### What to produce
The answer must consist solely of the lines from the one containing "edges meeting S" to the end of the entries below, repeated exactly.

### Recorded data
text \<open>
  Call (S, T) reducible if T \<subseteq> S \<noteq> {},
  no edge leaves S - T, the graph induced on S - T has maximum degree at most 1, and
  3 |T| + a(S) \<le> e(S) + 1 + [S contains an induced cycle of length 1 mod 3], where e(S) counts the
  edges meeting S and a(S) the components of G - S adjacent to S. Deleting S then lowers m + k + c1
  by at least 3 |T|, and S - T extends every dissociation set of G - S, so the bound for G - S
  gives the bound for G.

  Reducible configurations sit at the end of a longest path from a root r. If the last vertex has
  degree at least 3 it is reducible on its own; if it is a leaf, it is reducible together with its
  neighbour and at most one further vertex; if it has degree 2, it closes a cycle. When all cycle
  vertices except the attachment vertex have degree 2, the cycle is reducible with every third
  vertex in T, cycle lengths 1 mod 3 being paid for by c1. Otherwise a cycle vertex z has a further
  neighbour w: either w reaches the cycle again in G - z, and z alone is reducible, or the component
  of w in G - z is a smaller branch rooted at z, and the argument recurses.
\<close>

definition induced :: "('a \<Rightarrow> 'a \<Rightarrow> bool) \<Rightarrow> 'a set \<Rightarrow> 'a \<Rightarrow> 'a \<Rightarrow> bool" where
  "induced E X = (\<lambda>x y. E x y \<and> x \<in> X \<and> y \<in> X)"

### Solution to the exercise
  edges meeting S and a(S) the components of G - S adjacent to S. Deleting S then lowers m + k + c1
  by at least 3 |T|, and S - T extends every dissociation set of G - S, so the bound for G - S
  gives the bound for G.

  Reducible configurations sit at the end of a longest path from a root r. If the last vertex has
  degree at least 3 it is reducible on its own; if it is a leaf, it is reducible together with its
  neighbour and at most one further vertex; if it has degree 2, it closes a cycle. When all cycle
  vertices except the attachment vertex have degree 2, the cycle is reducible with every third
  vertex in T, cycle lengths 1 mod 3 being paid for by c1. Otherwise a cycle vertex z has a further
  neighbour w: either w reaches the cycle again in G - z, and z alone is reducible, or the component
  of w in G - z is a smaller branch rooted at z, and the argument recurses.
\<close>

definition induced :: "('a \<Rightarrow> 'a \<Rightarrow> bool) \<Rightarrow> 'a set \<Rightarrow> 'a \<Rightarrow> 'a \<Rightarrow> bool" where
  "induced E X = (\<lambda>x y. E x y \<and> x \<in> X \<and> y \<in> X)"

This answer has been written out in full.